Home
http://www.faz.net/-hoy-785zu
HERAUSGEGEBEN VON WERNER D'INKA, BERTHOLD KOHLER, GÜNTHER NONNENMACHER, HOLGER STELTZNER

Nordkorea Deutschland soll Botschaft räumen

Nordkorea hat der Bundesregierung empfohlen, die deutsche Botschaft in Pjöngjang zu räumen. Im Laufe des Tages war eine ähnliche Empfehlung auch an Großbritannien und Russland ergangen. Das Auswärtige Amt gab an, die Sicherheit der Botschaft laufend zu überprüfen.
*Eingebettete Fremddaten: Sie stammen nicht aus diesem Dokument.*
lemma Qpoly_even_normalized:
  assumes "\<And>j. c (2*j) \<noteq> 0" "\<And>j. c (2*j+1) \<noteq> 0"
  shows "Qpoly c p (2*n) = smult (\<Prod>j<n. c (2*j+1) / c (2*j))
            (\<Sum>l\<le>n. smult (\<Prod>j<l. c (2*j) / c (2*j+1)) (p (2*l)))"
proof -
  define r where "r = (\<lambda>j. c (2*j+1) / c (2*j))"
  have "(\<Prod>j<n. r j) * (\<Prod>j<l. c (2*j) / c (2*j+1)) = (\<Prod>j\<in>{l..<n}. r j)" if "l \<le> n" for l
  proof -
    have "(\<Prod>j<l. r j) * (\<Prod>j<l. c (2*j) / c (2*j+1)) = 1"
      unfolding r_def using assms by (simp add: prod.distrib[symmetric])
    moreover have "(\<Prod>j<n. r j) = (\<Prod>j<l. r j) * (\<Prod>j\<in>{l..<n}. r j)"
      using prod.atLeastLessThan_concat[of 0 l n r] that by (simp add: atLeast0LessThan)
    ultimately show ?thesis by (simp add: algebra_simps)
  qed
  then show ?thesis
    unfolding Qpoly_even smult_sum_right smult_smult r_def[symmetric] by (intro sum.cong) simp_all
qed

locale tridiagonal_skew_form = skew_form B for B +
  fixes p :: "nat \<Rightarrow> real poly" and c :: "nat \<Rightarrow> real"
  assumes monic: "\<And>n. degree (p n) = n \<and> lead_coeff (p n) = 1"
    and tridiagonal: "\<And>m n. B (p m) (p n) = (if n = Suc m then c m else if m = Suc n then - c n else 0)"
begin

lemma B_p_Suc_eq_0_if_c_eq_0:
  assumes "c N = 0" "degree r \<le> Suc N"
  shows "B (p (Suc N)) r = 0"
proof (rule linear_vanishes_on_degree_le[OF add_right smult_right monic _ assms(2)])
  show "B (p (Suc N)) (p k) = 0" if "k \<le> Suc N" for k
    using that assms(1) tridiagonal[of "Suc N" k] by auto
qed

lemma c_even_neq_0:
  assumes pfaffian: "pfaffian (\<lambda>i j. B (monom 1 i) (monom 1 j)) (Suc j) \<noteq> 0"
  shows "c (2*j) \<noteq> 0"
proof
  assume c: "c (2*j) = 0"
  define N where "N = 2*j+1"
  define v where "v = (\<lambda>b. coeff (p N) b)"
  have p_N: "p N = (\<Sum>b<2 * Suc j. smult (v b) (monom 1 b))"
    using poly_as_sum_of_monoms'[of "p N" N] monic[of N]
    unfolding N_def v_def by (simp add: lessThan_Suc_atMost smult_monom)
  have B_N: "B (p N) r = 0" if "degree r \<le> N" for r
    using B_p_Suc_eq_0_if_c_eq_0[OF c] that unfolding N_def by simp
  have "pfaffian (\<lambda>i j. B (monom 1 i) (monom 1 j)) (Suc j) = 0"
  proof (rule pfaffian_eq_0_if_null_vector)
    show "v N = 1" unfolding v_def using monic[of N] by metis
    fix a assume "a < 2 * Suc j"
    then have B_N_a: "B (p N) (monom 1 a) = 0" by (intro B_N) (simp add: N_def degree_monom_eq)
    show "(\<Sum>b<2 * Suc j. v b * B (monom 1 b) (monom 1 a)) = 0"
      using B_N_a unfolding p_N sum_left smult_left .
    show "(\<Sum>b<2 * Suc j. v b * B (monom 1 a) (monom 1 b)) = 0"
      using B_N_a antisym[of "monom 1 a" "p N"] unfolding p_N sum_right smult_right by simp
  qed (simp add: N_def)
  with pfaffian show False by simp
qed

lemma Qpoly_even_odd:
  assumes c_even: "\<And>j. c (2*j) \<noteq> 0"
  shows "B (Qpoly c p (2*n)) (Qpoly c p (2*m+1)) = (if n = m then c (2*n) else 0)"
proof -
  define C where "C = (\<lambda>l. \<Prod>j\<in>{l..<n}. c (2*j+1) / c (2*j))"
  have "B (Qpoly c p (2*n)) (Qpoly c p (2*m+1)) = (\<Sum>l\<le>n. C l * B (p (2*l)) (p (2*m+1)))"
    unfolding Qpoly_even Qpoly_odd sum_left smult_left C_def ..
  also have "\<dots> = (\<Sum>l\<le>n. (if l = m then C m * c (2*m) else 0)
      + (if l = Suc m then - (C (Suc m) * c (2*m+1)) else 0))"
    by (intro sum.cong refl) (auto simp: tridiagonal)
  also have "\<dots> = (if m \<le> n then C m * c (2*m) else 0) + (if Suc m \<le> n then - (C (Suc m) * c (2*m+1)) else 0)"
    by (simp add: sum.distrib)
  also have "\<dots> = (if n = m then c (2*n) else 0)"
  proof (cases "m < n")
    case True
    \<comment> \<open>the contributions of p (2m) and p (2m+2) cancel\<close>
    then have "C m * c (2*m) = C (Suc m) * c (2*m+1)"
      unfolding C_def using c_even[of m] by (simp add: prod.atLeast_Suc_lessThan)
    then show ?thesis using True by simp
  qed (auto simp: C_def)
  finally show ?thesis .
qed

lemma Qpoly_even_even: "B (Qpoly c p (2*m)) (Qpoly c p (2*n)) = 0"
proof -
  have "B (p (2*l)) (p (2*k)) = 0" for l k
  proof -
    have "2*k \<noteq> Suc (2*l)" "2*l \<noteq> Suc (2*k)" by presburger+
    then show ?thesis by (simp add: tridiagonal)
  qed
  then show ?thesis unfolding Qpoly_even sum_left smult_left sum_right smult_right by simp
qed

lemma Qpoly_odd_odd: "B (Qpoly c p (2*m+1)) (Qpoly c p (2*n+1)) = 0"
proof -
  have "2*n+1 \<noteq> Suc (2*m+1)" "2*m+1 \<noteq> Suc (2*n+1)" by presburger+
  then show ?thesis unfolding Qpoly_odd by (simp add: tridiagonal)
qed

end

section \<open>Jackson integrals as lattice sums\<close>

definition lattice_sum :: "('i \<Rightarrow> real) \<Rightarrow> (real \<Rightarrow> real) \<Rightarrow> real" where
  "lattice_sum X F = (\<Sum>\<^sub>\<infinity>i. X i * F (X i))"

definition lattice_summable :: "('i \<Rightarrow> real) \<Rightarrow> (real \<Rightarrow> real) \<Rightarrow> bool" where
  "lattice_summable X F \<longleftrightarrow> (\<lambda>i. X i * F (X i)) summable_on UNIV"

lemma jint_as_lattice_sum:
  "jint q HalfLine F = (1 - q) * lattice_sum (\<lambda>s::int. q powi s) F"
  "jint q (ZeroTo a) F = (1 - q) * lattice_sum (\<lambda>n::nat. a * q ^ n) F"
  "jint q (AlphaToOne \<alpha>) F
     = (1 - q) * lattice_sum (\<lambda>n::nat. q ^ n) F - (1 - q) * lattice_sum (\<lambda>n::nat. \<alpha> * q ^ n) F"
  "jint_integrable q HalfLine F \<longleftrightarrow> lattice_summable (\<lambda>s::int. q powi s) F"
  "jint_integrable q (ZeroTo a) F \<longleftrightarrow> lattice_summable (\<lambda>n::nat. a * q ^ n) F"
  "jint_integrable q (AlphaToOne \<alpha>) F
     \<longleftrightarrow> lattice_summable (\<lambda>n::nat. q ^ n) F \<and> lattice_summable (\<lambda>n::nat. \<alpha> * q ^ n) F"
  by (simp_all add: lattice_sum_def lattice_summable_def jint0_def jint0_integrable_def)

lemma lattice_summable_add:
  "lattice_summable X F \<Longrightarrow> lattice_summable X G \<Longrightarrow> lattice_summable X (\<lambda>x. F x + G x)"
  unfolding lattice_summable_def by (simp add: distrib_left summable_on_add)

lemma lattice_sum_add:
  "lattice_summable X F \<Longrightarrow> lattice_summable X G \<Longrightarrow>
     lattice_sum X (\<lambda>x. F x + G x) = lattice_sum X F + lattice_sum X G"
  unfolding lattice_summable_def lattice_sum_def by (simp add: distrib_left infsum_add)

lemma lattice_summable_cmult:
  "lattice_summable X F \<Longrightarrow> lattice_summable X (\<lambda>x. c * F x)"
  unfolding lattice_summable_def by (simp add: mult.left_commute summable_on_cmult_right)

lemma lattice_sum_cmult: "lattice_sum X (\<lambda>x. c * F x) = c * lattice_sum X F"
  unfolding lattice_sum_def by (simp add: mult.left_commute infsum_cmult_right')

lemma lattice_summable_reindex:
  assumes "inj \<sigma>" and "lattice_summable X H"
    and "\<And>i. X i * V (X i) = X (\<sigma> i) * H (X (\<sigma> i))"
  shows "lattice_summable X V"
proof -
  have "(\<lambda>i. X i * H (X i)) summable_on range \<sigma>"
    using assms(2) summable_on_subset_banach unfolding lattice_summable_def by blast
  then have "(\<lambda>i. X (\<sigma> i) * H (X (\<sigma> i))) summable_on UNIV"
    using summable_on_reindex[OF assms(1), of "\<lambda>i. X i * H (X i)"] by (simp add: comp_def)
  then show ?thesis unfolding lattice_summable_def assms(3) .
qed
(* For $n\ge 2$, $$(\mathfrak C_0+\mathfrak C_0+\mathfrak C_0+\mathfrak C_0+\mathfrak C_0)^n=\binom{2n-1}{4}\mathfrak C_{2n}+\frac{4n^2-16n+17}{3}\binom{2n}{2}\binom{2n-3}{2}\mathfrak C_{2n-2}+\binom{2n}{4}(2n-5)^4\mathfrak C_{2n-4}.$$
   Context: The numbers $\mathfrak C_{2n}$ (Cauchy numbers with level $2$) are defined by $\frac{t}{{\rm arcsinh}\,t}=\sum_{n=0}^\infty\mathfrak C_{2n}\frac{t^{2n}}{(2n)!}$. Convolution notation: $(\mathfrak C_{2j_1}+\cdots+\mathfrak C_{2j_k})^n:=\sum_{i_1+\cdots+i_k=n,\ i_1,\dots,i_k\ge0}\frac{(2n)!}{(2i_1)!\cdots(2i_k)!}\mathfrak C_{2i_1+2j_1}\cdots\mathfrak C_{2i_k+2j_k}$ (here with $k=5$ summands, all $j_i=0$). *)

theory Defs
  imports "HOL-Computational_Algebra.Formal_Power_Series"
begin

definition sinh_fps :: "real fps" where
  "sinh_fps = (fps_exp 1 - fps_exp (-1)) / fps_const 2"

definition arcsinh_fps :: "real fps" where
  "arcsinh_fps = fps_inv sinh_fps"

definition cauchy2_egf :: "real fps" where
  "cauchy2_egf = fps_X / arcsinh_fps"

text \<open>cauchy2 m is the Cauchy number with level 2, C_{2m}
  (t / arcsinh t = sum_m C_{2m} t^(2m) / (2m)!).\<close>
definition cauchy2 :: "nat \<Rightarrow> real" where
  "cauchy2 m = fact (2 * m) * fps_nth cauchy2_egf (2 * m)"

text \<open>Convolution (C_0 + ... + C_0)^n with k summands (all shifts j_i = 0).\<close>
definition cauchy2_conv :: "nat \<Rightarrow> nat \<Rightarrow> real" where
  "cauchy2_conv k n =
     (\<Sum>i\<in>{i \<in> {..<k} \<rightarrow>\<^sub>E {..n}. sum i {..<k} = n}.
        fact (2 * n) / (\<Prod>r<k. fact (2 * i r)) * (\<Prod>r<k. cauchy2 (i r)))"

end

theory Submission
  imports Defs
begin

(* With g = arcsinh t, f = t / g and q = g', one has q^2 (1 + t^2) = 1 and q' = - t q^3, so every
   f^(j) g^(j+1) is a polynomial in t, g and q.  Eliminating g and q from the first four of these
   identities gives the linear differential equation
     24 f^5 = (24 + 20 t^2 + t^4) (f - t f') + (12 + 10 t^2 + t^4) t^2 f''
              - (4 + 2 t^2 - 2 t^4) t^3 f''' + (1 + t^2)^2 t^4 f'''',
   and comparing coefficients of t^(k+4) expresses [t^(k+4)] f^5 through the coefficients of f at
   k + 4, k + 2 and k.  As f is even, (2n)! [t^(2n)] f^5 is the five-fold convolution of the
   numbers C_(2i), and k = 2n - 4 gives the theorem. *)

unbundle fps_syntax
© AFP Vergrößern Provokation folgt auf Provokation: Kim Jong-un, hier am 7. März

Nordkorea hat der Bundesregierung empfohlen, die deutsche Botschaft in Pjöngjang zu räumen. Das meldete die Nachrichtenagentur dpa. Vom Auswärtigen Amt gab es zunächst keine offizielle Bestätigung. Dort hieß es am Freitag nur: „Die Sicherheit und Arbeitsmöglichkeit unserer Botschaft in Pjöngjang wird angesichts der Eskalation laufend überprüft.“

Auch Russland, Bulgarien, die Tschechische Republik sowie Großbritannien haben mitgeteilt, dass Nordkorea ihre und die Botschaften weiterer Länder aufgefordert habe, Evakuierungspläne zu prüfen. Nordkorea hat die Botschaften in der Hauptstadt Pjöngjang nach britischen Angaben vor Auswirkungen auf ihre Sicherheit im Falle eines Konfliktes gewarnt. Pjöngjang habe erklärt, dass die Sicherheit der diplomatischen Vertretungen ab dem 10. April nicht mehr garantiert werden könne, wenn es zu einem Konflikt komme, teilte die Regierung in London am Freitag mit.

Deutschland wird in Nordkorea durch Botschafter Gerhard Thiedemann vertreten. Die Bundesrepublik nimmt in der Hauptstadt Pjöngjang auch die Interessen mehrerer anderer Staaten wahr, die dort keine eigene Vertretung haben. Erst am Vormittag hatte Außenminister Guido Westerwelle (FDP) Nordkoreas Botschafter in Berlin einbestellen lassen. Dort sei dem Diplomaten „in deutlichen Worten die sehr große Sorge der Bundesregierung angesichts der von Nordkorea zu verantwortenden Eskalation“ vermittelt worden, sagte ein Sprecher des Ministeriums. Das jüngste Vorgehen der Führung in Pjöngjang sei „im Ton und in der Sache in keiner Weise akzeptabel“.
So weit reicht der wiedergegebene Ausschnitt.